- Born: 1966 (age 59–60)
- Occupation: Associate professor

Academic background
- Education: University of Minnesota

Academic work
- Discipline: Communications
- Sub-discipline: Critical theory, Cultural studies
- Institutions: USC Annenberg School for Communication
- Notable works: Hacker Culture
- Notable ideas: Gamer disposition

= Douglas Thomas (academic) =

American scholar (born 1966)

Douglas Thomas (born 1966) is an American scholar, researcher, and journalist. He is Associate Professor at the Annenberg School for Communication at the University of Southern California where he studies technology, communication, and culture. He is author or editor of numerous books including Reading Nietzsche Rhetorically (Guilford, 1998), Cybercrime: Security and Surveillance in the Information Age (with Brian Loader, Routledge, 2000), Hacker Culture (University of Minnesota Press, 2002), and Technological Visions: The Hopes and Fears that Shape New Technologies (with Marita Sturken and Sandra Ball-Rokeach). He has published numerous articles in academic journals and is the founding editor of Games and Culture: A Journal of Interactive Media. In 2006, Thomas founded Games and Culture, the first academic journal dedicated to the study of video game culture. The following year, he organized a major video game studies conference in Tokyo that helped establish game studies as an academic field.
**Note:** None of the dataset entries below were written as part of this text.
definition exact_period :: "nat \<Rightarrow> padic2 poly \<Rightarrow> nat \<Rightarrow> padic2 \<Rightarrow> bool" where
  "exact_period m f k x \<longleftrightarrow> 0 < k \<and> red m (iterate f k x) = red m x \<and>
     (\<forall>i. 0 < i \<and> i < k \<longrightarrow> red m (iterate f i x) \<noteq> red m x)"

lemma red_iterate_mod_period:
  assumes "red m (iterate f k x) = red m x"
  shows "red m (iterate f i x) = red m (iterate f (i mod k) x)"
proof -
  have "red m (iterate f (q * k + r) x) = red m (iterate f r x)" for q r
  proof (induction q)
    case (Suc q)
    have "iterate f (Suc q * k + r) x = iterate f (q * k + r) (iterate f k x)"
      by (simp add: iterate_add[symmetric] algebra_simps)
    with Suc show ?case
      using red_poly_cong[OF assms] by simp
  qed simp
  then show ?thesis
    by (metis div_mult_mod_eq)
qed

lemma exact_period_dvd:
  assumes "exact_period m f k x" and "red m (iterate f i x) = red m x"
  shows "k dvd i"
  using assms red_iterate_mod_period[of m f k x i] mod_less_divisor[of k i]
  unfolding exact_period_def by (metis dvd_eq_mod_eq_0 bot_nat_0.not_eq_extremum)

lemma exact_period_unique: "exact_period m f k x \<Longrightarrow> exact_period m f l x \<Longrightarrow> k = l"
  by (meson dvd_antisym exact_period_def exact_period_dvd)

lemma exact_period_red_cong:
  assumes "exact_period m f k x" and "red m y = red m x"
  shows "exact_period m f k y"
  using assms red_poly_cong[OF assms(2)] unfolding exact_period_def by metis
text \<open>Integration by parts, using \<open>d/dt (e^{-\<lambda>t} (1+t)^n) = -\<lambda> e^{-\<lambda>t} (1+t)^n + n e^{-\<lambda>t} (1+t)^{n-1}\<close>
  and \<open>t (1+t)^{n-1} = (1+t)^n - (1+t)^{n-1}\<close>.\<close>
lemma erlang_integral_by_parts:
  fixes lam n :: real assumes lam: "0 < lam" and n: "0 < n"
  shows "lam * (LBINT t:{0..}. t * exp (- lam * t) * (1 + t) powr (n - 1))
       = lam/n + lam * (1 - lam/n) * (LBINT t:{0..}. exp (- lam * t) * (1 + t) powr n)"
proof -
  define \<rho> where "\<rho> = lam/n"
  define f where "f t = exp (- lam * t) * (1 + t) powr n" for t
  define w where "w t = t * exp (- lam * t) * (1 + t) powr (n - 1)" for t
  define H where "H t = lam * (1 - \<rho>) * f t - lam * w t" for t
  have f_int: "set_integrable lborel {0..} f"
    unfolding f_def using set_integrable_exp_mult_powr lam n by simp
  have powr_split: "(1 + t) powr n = (1 + t) * (1 + t) powr (n - 1)" if "0 \<le> t" for t :: real
    using that by (simp add: powr_mult_base)
  have w_int: "set_integrable lborel {0..} w"
  proof (rule set_integrable_bound[OF f_int])
    show "set_borel_measurable lborel {0..} w"
      unfolding set_borel_measurable_def w_def
      by (auto intro!: borel_measurable_continuous_on_indicator continuous_intros)
    have "norm (w t) \<le> norm (f t)" if "0 \<le> t" for t
    proof -
      have "t * (1 + t) powr (n - 1) \<le> (1 + t) * (1 + t) powr (n - 1)"
        using that by (intro mult_right_mono) auto
      then show ?thesis
        using that unfolding w_def f_def by (simp add: powr_split mult_ac abs_mult)
    qed
    then show "AE t in lborel. t \<in> {0..} \<longrightarrow> norm (w t) \<le> norm (f t)"
      by auto
  qed
  have H_int: "set_integrable lborel {0..} H"
    unfolding H_def using f_int w_int by (intro set_integral_diff set_integrable_mult_right) auto
  have H_deriv: "((\<lambda>t. \<rho> * f t) has_real_derivative H t) (at t)" if "0 \<le> t" for t
  proof -
    have "((\<lambda>t. \<rho> * f t) has_real_derivative
           \<rho> * (- lam * exp (- lam * t) * (1 + t) powr n + exp (- lam * t) * (n * (1 + t) powr (n - 1))))
          (at t)"
      unfolding f_def using that by (auto intro!: derivative_eq_intros)
    moreover have "\<rho> * (- lam * exp (- lam * t) * (1 + t) powr n
                     + exp (- lam * t) * (n * (1 + t) powr (n - 1))) = H t"
      unfolding H_def f_def w_def \<rho>_def using that n by (simp add: powr_split field_simps)
    ultimately show ?thesis by simp
  qed
  have FTC: "(LBINT t:{0..b}. H t) = \<rho> * f b - \<rho> * f 0" if "0 \<le> b" for b
    unfolding set_lebesgue_integral_def
  proof (rule integral_FTC_atLeastAtMost[OF that])
    show "continuous_on {0..b} H"
      unfolding H_def f_def w_def by (auto intro!: continuous_intros)
    fix t assume "0 \<le> t" "t \<le> b"
    then show "((\<lambda>t. \<rho> * f t) has_vector_derivative H t) (at t within {0..b})"
      using H_deriv by (auto simp: has_real_derivative_iff_has_vector_derivative[symmetric]
                             intro: has_field_derivative_at_within)
  qed
  have "((\<lambda>b. LBINT t:{0..b}. H t) \<longlongrightarrow> (LBINT t:{0..}. H t)) at_top"
    by (rule tendsto_set_lebesgue_integral_at_top[OF _ H_int]) auto
  moreover have "((\<lambda>b. LBINT t:{0..b}. H t) \<longlongrightarrow> \<rho> * 0 - \<rho> * f 0) at_top"
  proof (rule Lim_transform_eventually)
    show "((\<lambda>b. \<rho> * f b - \<rho> * f 0) \<longlongrightarrow> \<rho> * 0 - \<rho> * f 0) at_top"
      unfolding f_def using exp_mult_powr_tendsto_zero lam n by (intro tendsto_intros) auto
    show "\<forall>\<^sub>F b in at_top. \<rho> * f b - \<rho> * f 0 = (LBINT t:{0..b}. H t)"
      using eventually_ge_at_top[of 0] by eventually_elim (simp add: FTC)
  qed
  ultimately have "(LBINT t:{0..}. H t) = - \<rho>"
    by (auto dest: tendsto_unique[OF trivial_limit_at_top_linorder] simp: f_def)
  moreover have "(LBINT t:{0..}. H t) = lam * (1 - \<rho>) * (LBINT t:{0..}. f t) - lam * (LBINT t:{0..}. w t)"
    unfolding H_def using f_int w_int by (subst set_integral_diff) auto
  ultimately show ?thesis unfolding \<rho>_def f_def w_def by (simp add: algebra_simps)
qed
(* The set of finite factors of $\mathbf{t}_{3/2}$ is closed under bit-wise complement (if $u$ is a factor then so is $\bar u$), and so is the set of finite factors of $\mathbf{t}'$. Consequently, $\mathsf{p}_{\mathbf{t}_{3/2}}(n+1)=2\,\mathsf{p}_{\Delta(\mathbf{t}_{3/2})}(n)$ for all $n\ge 0$.
   Context: Base-$3/2$ expansions: $\langle 0\rangle_{3/2}$ is the empty word, and for $n\ge 1$, writing $2n=3m+d$ with integers $m\ge0$, $d\in\{0,1,2\}$, set $\langle n\rangle_{3/2}=\langle m\rangle_{3/2}\,d$. The Thue--Morse word in base $3/2$ is $\mathbf{t}_{3/2}=(t_n)_{n\ge0}\in\{0,1\}^{\mathbb{N}}$ where $t_n$ is the digit sum of $\langle n\rangle_{3/2}$ modulo $2$; equivalently the unique binary sequence with $t_0=0$, $t_{3n}=t_{3n+1}=t_{2n}$, $t_{3n+2}=1-t_{2n+1}$. Dekking's word $\mathbf{t}'=(x_n)_{n\ge0}$ is the unique binary infinite word with $x_0=0$ such that $\mathbf{t}'=\beta(x_0x_1)\beta(x_2x_3)\cdots$ where $\beta(00)=\beta(01)=010$, $\beta(10)=\beta(11)=101$. The bit-wise complement $\bar u$ of a binary word $u$ is obtained by exchanging $0$ and $1$. For an infinite binary word $\mathbf{x}=(x_n)$, $\Delta(\mathbf{x})=(x_{n+1}-x_n \bmod 2)_{n\ge0}$ is its first difference sequence, and $\mathsf{p}_{\mathbf{x}}(n)$ denotes the number of distinct factors of length $n$ of $\mathbf{x}$. *)

theory Defs
  imports Main
begin

(* Binary words are represented as nat-valued sequences with values in {0,1}. *)

fun exp32 :: "nat \<Rightarrow> nat list" where
  "exp32 n = (if n = 0 then [] else exp32 ((2 * n) div 3) @ [(2 * n) mod 3])"

definition t32 :: "nat \<Rightarrow> nat" where
  "t32 n = sum_list (exp32 n) mod 2"

definition beta :: "nat \<Rightarrow> nat \<Rightarrow> nat list" where
  "beta a b = (if a = 0 then [0,1,0] else [1,0,1])"
lemma pushforward_snd_glued:
  assumes "finite A" "finite B" "\<And>y. y \<in> B \<Longrightarrow> 0 \<le> r y"
    and "pushforward g B r = pushforward f A p"
  shows "pushforward snd (glued f A g B) (glued_weight f A p r) y = (if y \<in> B then r y else 0)"
proof (cases "y \<in> B")
  case True
  define c where "c = pushforward f A p (g y)"
  have "{z \<in> glued f A g B. snd z = y} = (\<lambda>x. (x, y)) ` {x \<in> A. f x = g y}"
    using True by (auto simp: glued_def)
  then have "pushforward snd (glued f A g B) (glued_weight f A p r) y
      = (\<Sum>x\<in>{x \<in> A. f x = g y}. p x * r y / c)"
    by (simp add: pushforward_def sum.reindex inj_on_def glued_weight_def c_def)
  also have "\<dots> = c * r y / c"
    by (simp add: c_def pushforward_def sum_distrib_right sum_divide_distrib)
  also have "\<dots> = r y"
  proof -
    have "r y \<le> c"
      unfolding c_def assms(4)[symmetric] using assms(2,3) True by (rule le_pushforward)
    moreover have "0 \<le> r y" using assms(3) True .
    ultimately show ?thesis by (cases "c = 0") auto
  qed
  finally show ?thesis using True by simp
next
  case False
  then have "{z \<in> glued f A g B. snd z = y} = {}" by (auto simp: glued_def)
  with False show ?thesis unfolding pushforward_def by (metis sum.empty)
qed

lemma sum_glued_fst:
  assumes "finite A" "finite B" "\<And>x. x \<in> A \<Longrightarrow> 0 \<le> p x"
    and "pushforward g B r = pushforward f A p"
  shows "(\<Sum>z\<in>{z \<in> glued f A g B. P (fst z)}. glued_weight f A p r z) = (\<Sum>x\<in>{x \<in> A. P x}. p x)"
proof -
  have "(\<Sum>z\<in>{z \<in> glued f A g B. P (fst z)}. glued_weight f A p r z)
      = (\<Sum>x\<in>{x \<in> A. P x}. pushforward fst (glued f A g B) (glued_weight f A p r) x)"
    using assms(1,2) by (intro sum_pushforward[symmetric] finite_glued) (auto simp: glued_def)
  also have "\<dots> = (\<Sum>x\<in>{x \<in> A. P x}. p x)"
    using assms by (intro sum.cong) (auto simp: pushforward_fst_glued)
  finally show ?thesis .
qed

section \<open>Marginals over a smaller signature\<close>

definition marginal :: "'p set \<Rightarrow> 'p set \<Rightarrow> ('p set \<Rightarrow> real) \<Rightarrow> 'p set \<Rightarrow> real" where
  "marginal S1 S2 Q = pushforward (\<lambda>u. u \<inter> S1) (Pow S2) Q"

definition uniform_extension :: "'p set \<Rightarrow> 'p set \<Rightarrow> ('p set \<Rightarrow> real) \<Rightarrow> 'p set \<Rightarrow> real" where
  "uniform_extension S1 S2 P u = (if u \<subseteq> S2 then P (u \<inter> S1) / 2 ^ card (S2 - S1) else 0)"

lemma card_restriction_fiber:
  assumes "finite S2" "S1 \<subseteq> S2" "v \<subseteq> S1"
  shows "card {u \<in> Pow S2. u \<inter> S1 = v} = 2 ^ card (S2 - S1)"
proof -
  have "{u \<in> Pow S2. u \<inter> S1 = v} = (\<union>) v ` Pow (S2 - S1)"
  proof (intro equalityI subsetI)
    fix u assume "u \<in> {u \<in> Pow S2. u \<inter> S1 = v}"
    then show "u \<in> (\<union>) v ` Pow (S2 - S1)" by (intro image_eqI[of _ _ "u - S1"]) auto
  qed (use assms in auto)
  moreover have "inj_on ((\<union>) v) (Pow (S2 - S1))"
    using assms(3) by (auto simp: inj_on_def)
  ultimately show ?thesis
    using assms(1) by (simp add: card_image card_Pow)
qed

lemma sum_marginal:
  assumes "finite S2" "S1 \<subseteq> S2"
  shows "sum (marginal S1 S2 Q) (Pow S1) = sum Q (Pow S2)"
  unfolding marginal_def using assms by (intro sum_pushforward_total) (auto intro: finite_subset)

lemma marginal_eq_0:
  assumes "\<not> v \<subseteq> S1"
  shows "marginal S1 S2 Q v = 0"
  unfolding marginal_def pushforward_def using assms by (intro sum.neutral) auto

lemma is_dist_marginal:
  assumes "finite S2" "S1 \<subseteq> S2" "is_dist S2 Q"
  shows "is_dist S1 (marginal S1 S2 Q)"
  using assms(3) sum_marginal[OF assms(1,2)] marginal_eq_0[of _ S1 S2 Q]
  unfolding is_dist_def by (auto simp: marginal_def intro: pushforward_nonneg)

lemma marginal_uniform_extension:
  assumes "finite S2" "S1 \<subseteq> S2" "\<forall>v. v \<notin> Pow S1 \<longrightarrow> P v = 0"
  shows "marginal S1 S2 (uniform_extension S1 S2 P) = P"
proof
  fix v
  show "marginal S1 S2 (uniform_extension S1 S2 P) v = P v"
  proof (cases "v \<in> Pow S1")
    case True
    have "marginal S1 S2 (uniform_extension S1 S2 P) v
        = (\<Sum>u\<in>{u \<in> Pow S2. u \<inter> S1 = v}. P v / 2 ^ card (S2 - S1))"
      unfolding marginal_def pushforward_def by (intro sum.cong) (auto simp: uniform_extension_def)
    also have "\<dots> = P v"
      using card_restriction_fiber[OF assms(1,2)] True by simp
    finally show ?thesis .
  qed (use assms(3) marginal_eq_0 in simp)
qed

lemma marginal_eq_self:
  assumes "finite S2" "S1 \<subseteq> S2" "\<forall>v. v \<notin> Pow S1 \<longrightarrow> P v = 0"
  shows "marginal S1 S2 P = P"
proof
  fix v
  show "marginal S1 S2 P v = P v"
  proof (cases "v \<in> Pow S1")
    case True
    then have "sum P {u \<in> Pow S2. u \<inter> S1 = v} = sum P {v}"
      using assms by (intro sum.mono_neutral_right) auto
    then show ?thesis by (simp add: marginal_def pushforward_def)
  qed (use assms(3) marginal_eq_0 in simp)
qed

lemma is_dist_uniform_extension:
  assumes "finite S2" "S1 \<subseteq> S2" "is_dist S1 P"
  shows "is_dist S2 (uniform_extension S1 S2 P)"
proof -
  have "sum (uniform_extension S1 S2 P) (Pow S2) = sum P (Pow S1)"
    using sum_marginal[OF assms(1,2)] marginal_uniform_extension[OF assms(1,2)] assms(3)
    unfolding is_dist_def by metis
  with assms(3) show ?thesis
    unfolding is_dist_def uniform_extension_def by auto
qed

lemma psat_Int: "pvars f \<subseteq> S \<Longrightarrow> psat (u \<inter> S) f = psat u f"
  by (induction f) auto

lemma prob_marginal:
  assumes "finite S2" "S1 \<subseteq> S2" "pvars f \<subseteq> S1"
  shows "prob S1 (marginal S1 S2 Q) f = prob S2 Q f"
proof -
  have "prob S1 (marginal S1 S2 Q) f = (\<Sum>u\<in>{u \<in> Pow S2. psat (u \<inter> S1) f}. Q u)"
    unfolding prob_def marginal_def using assms by (intro sum_pushforward) (auto intro: finite_subset)
  also have "\<dots> = prob S2 Q f"
    unfolding prob_def using assms(3) by (simp add: psat_Int)
  finally show ?thesis .
qed

lemma sat_constr_marginal:
  assumes "finite S2" "S1 \<subseteq> S2" "constr_over S1 c"
  shows "sat_constr S1 (marginal S1 S2 Q) c = sat_constr S2 Q c"
proof -
  have "(\<Sum>(ci, f)\<leftarrow>snd c. ci * prob S1 (marginal S1 S2 Q) f) = (\<Sum>(ci, f)\<leftarrow>snd c. ci * prob S2 Q f)"
    using assms by (intro arg_cong[where f = sum_list] map_cong)
      (auto simp: constr_over_def prob_marginal)
  then show ?thesis unfolding sat_constr_def by simp
qed

lemma marginal_in_Mod:
  assumes "finite S2" "S1 \<subseteq> S2" "\<forall>c\<in>R. constr_over S1 c" "Q \<in> Mod S2 R"
  shows "marginal S1 S2 Q \<in> Mod S1 R"
  using assms is_dist_marginal[OF assms(1,2)] sat_constr_marginal[OF assms(1,2)]
  unfolding Mod_def by auto

lemma uniform_extension_in_Mod:
  assumes "finite S2" "S1 \<subseteq> S2" "\<forall>c\<in>R. constr_over S1 c" "P \<in> Mod S1 R"
  shows "uniform_extension S1 S2 P \<in> Mod S2 R"
proof -
  have "marginal S1 S2 (uniform_extension S1 S2 P) = P"
    using assms by (intro marginal_uniform_extension) (auto simp: Mod_def is_dist_def)
  with assms sat_constr_marginal[OF assms(1,2), of _ "uniform_extension S1 S2 P"]
  show ?thesis using is_dist_uniform_extension unfolding Mod_def by auto
qed

lemma log_sum_inequality_uniform:
  fixes q :: "'a \<Rightarrow> real"
  assumes "finite A" "A \<noteq> {}" "\<And>u. u \<in> A \<Longrightarrow> 0 \<le> q u"
  shows "sum q A * ln (sum q A / card A) \<le> (\<Sum>u\<in>A. q u * ln (q u))"
proof (cases "sum q A = 0")
  case True
  with assms have "\<forall>u\<in>A. q u = 0" by (simp add: sum_nonneg_eq_0_iff)
  with True show ?thesis by simp
next
  case False
  define c where "c = sum q A / card A"
  have "0 < c"
    using False assms sum_nonneg[of A q] by (simp add: c_def card_gt_0_iff)
  with assms have "(\<Sum>u\<in>A. q u * ln c + (q u - c)) \<le> (\<Sum>u\<in>A. q u * ln (q u))"
    by (intro sum_mono xlnx_ge_tangent) auto
  moreover have "(\<Sum>u\<in>A. q u * ln c + (q u - c)) = sum q A * ln c"
    using assms by (simp add: sum.distrib sum_subtractf c_def flip: sum_distrib_right)
  ultimately show ?thesis by (simp add: c_def)
qed

lemma entropy_uniform_extension:
  assumes "finite S2" "S1 \<subseteq> S2" "is_dist S1 P"
  shows "entropy S2 (uniform_extension S1 S2 P) = entropy S1 P + card (S2 - S1) * ln 2"
proof -
  define N :: real where "N = 2 ^ card (S2 - S1)"
  let ?E = "uniform_extension S1 S2 P"
  have "marginal S1 S2 (\<lambda>u. ?E u * ln (?E u)) v = P v * ln (P v) - P v * ln N"
    if "v \<in> Pow S1" for v
  proof -
    have "marginal S1 S2 (\<lambda>u. ?E u * ln (?E u)) v
        = (\<Sum>u\<in>{u \<in> Pow S2. u \<inter> S1 = v}. P v / N * ln (P v / N))"
      unfolding marginal_def pushforward_def
      by (intro sum.cong) (auto simp: uniform_extension_def N_def)
    also have "\<dots> = P v * ln (P v / N)"
      using card_restriction_fiber[OF assms(1,2)] that by (simp add: N_def)
    also have "\<dots> = P v * ln (P v) - P v * ln N"
      using assms(3) by (intro xlnx_divide) (auto simp: is_dist_def N_def)
    finally show ?thesis .
  qed
  then have "(\<Sum>u\<in>Pow S2. ?E u * ln (?E u)) = (\<Sum>v\<in>Pow S1. P v * ln (P v) - P v * ln N)"
    by (simp add: sum_marginal[OF assms(1,2), symmetric])
  also have "\<dots> = (\<Sum>v\<in>Pow S1. P v * ln (P v)) - ln N"
    using assms(3) by (simp add: sum_subtractf is_dist_def flip: sum_distrib_right)
  finally show ?thesis by (simp add: entropy_def N_def ln_realpow)
qed

lemma entropy_le_entropy_marginal:
  assumes "finite S2" "S1 \<subseteq> S2" "is_dist S2 Q"
  shows "entropy S2 Q \<le> entropy S1 (marginal S1 S2 Q) + card (S2 - S1) * ln 2"
proof -
  define N :: real where "N = 2 ^ card (S2 - S1)"
  let ?M = "marginal S1 S2 Q"
  have "?M v * ln (?M v) - ?M v * ln N \<le> marginal S1 S2 (\<lambda>u. Q u * ln (Q u)) v"
    if "v \<in> Pow S1" for v
  proof -
    have "v \<in> {u \<in> Pow S2. u \<inter> S1 = v}" using that assms(2) by auto
    then have "?M v * ln (?M v / N) \<le> marginal S1 S2 (\<lambda>u. Q u * ln (Q u)) v"
      using log_sum_inequality_uniform[of "{u \<in> Pow S2. u \<inter> S1 = v}" Q]
        card_restriction_fiber[OF assms(1,2)] that assms
      unfolding marginal_def pushforward_def N_def by (auto simp: is_dist_def)
    moreover have "0 \<le> ?M v"
      using is_dist_marginal[OF assms] by (simp add: is_dist_def)
    ultimately show ?thesis by (simp add: xlnx_divide N_def)
  qed
  then have "(\<Sum>v\<in>Pow S1. ?M v * ln (?M v) - ?M v * ln N) \<le> (\<Sum>u\<in>Pow S2. Q u * ln (Q u))"
    unfolding sum_marginal[OF assms(1,2), symmetric] by (intro sum_mono) auto
  moreover have "(\<Sum>v\<in>Pow S1. ?M v * ln (?M v) - ?M v * ln N) = (\<Sum>v\<in>Pow S1. ?M v * ln (?M v)) - ln N"
    using is_dist_marginal[OF assms] by (simp add: sum_subtractf is_dist_def flip: sum_distrib_right)
  ultimately show ?thesis by (simp add: entropy_def N_def ln_realpow)
qed

lemma marginal_ME:
  assumes "finite S2" "S1 \<subseteq> S2" "\<forall>c\<in>R. constr_over S1 c" "is_dist S1 (ME S1 R)"
  shows "marginal S1 S2 (ME S2 R) = ME S1 R"
proof (cases "Mod S1 R = {}")
  case True
  txt \<open>Then ME is the junk value THE of an unsatisfiable predicate, the same for S1 and S2.\<close>
  then have "Mod S2 R = {}"
    using marginal_in_Mod[OF assms(1-3)] by blast
  with True have "ME S2 R = ME S1 R"
    unfolding ME_def by simp
  with assms show ?thesis
    by (simp add: marginal_eq_self is_dist_def)
next
  case False
  have "finite S1" using assms(1,2) by (rule finite_subset[rotated])
  note ME1 = ME_max_entropy[OF this False]
  have "uniform_extension S1 S2 (ME S1 R) \<in> Mod S2 R"
    using uniform_extension_in_Mod[OF assms(1-3) ME1(1)] .
  then have "Mod S2 R \<noteq> {}" by blast
  note ME2 = ME_max_entropy[OF assms(1) this]
  have dists: "is_dist S1 (ME S1 R)" "is_dist S2 (ME S2 R)"
    using ME1(1) ME2(1) by (auto simp: Mod_def)
  have "entropy S1 (ME S1 R) + card (S2 - S1) * ln 2 = entropy S2 (uniform_extension S1 S2 (ME S1 R))"
    using entropy_uniform_extension[OF assms(1,2) dists(1)] by simp
  also have "\<dots> \<le> entropy S2 (ME S2 R)"
    using ME2(2) \<open>uniform_extension S1 S2 (ME S1 R) \<in> Mod S2 R\<close> by blast
  also have "\<dots> \<le> entropy S1 (marginal S1 S2 (ME S2 R)) + card (S2 - S1) * ln 2"
    using entropy_le_entropy_marginal[OF assms(1,2) dists(2)] .
  finally have "entropy S1 (ME S1 R) \<le> entropy S1 (marginal S1 S2 (ME S2 R))" by simp
  with ME1(2) have "\<forall>Q\<in>Mod S1 R. entropy S1 Q \<le> entropy S1 (marginal S1 S2 (ME S2 R))"
    by force
  with \<open>finite S1\<close> marginal_in_Mod[OF assms(1-3) ME2(1)] show ?thesis
    by (intro ME_eqI[symmetric])
qed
In 1998 and 1999, he covered the case of Kevin Mitnick for Wired News. On July 24, 2002, he testified before Congress on the topic of Cyber Terrorism and Critical Infrastructure Protection.

His research has been funded by the Annenberg Center for Communication, the Richard Lounsbery Foundation, and the MacArthur Foundation and has focused on the relationship between virtual worlds and civic engagement and digital media and learning.

His 2008 article co-authored with John Seely Brown, "The Gamer Disposition", was named a Harvard Business Review Breakthrough Idea of 2008, and also featured it on its Conversation Starter blog.

Thomas co-authored A New Culture of Learning: Cultivating the Imagination for a World of Constant Change which was translated into Turkish.

Thomas has consulted with the governments of South Korea, the United Arab Emirates, and Singapore on educational reform, and has advised curricula for a number of United States school systems. His more recent research project, Bodies of Code, examines the relationship between technology and the human body from the Second World War to the present.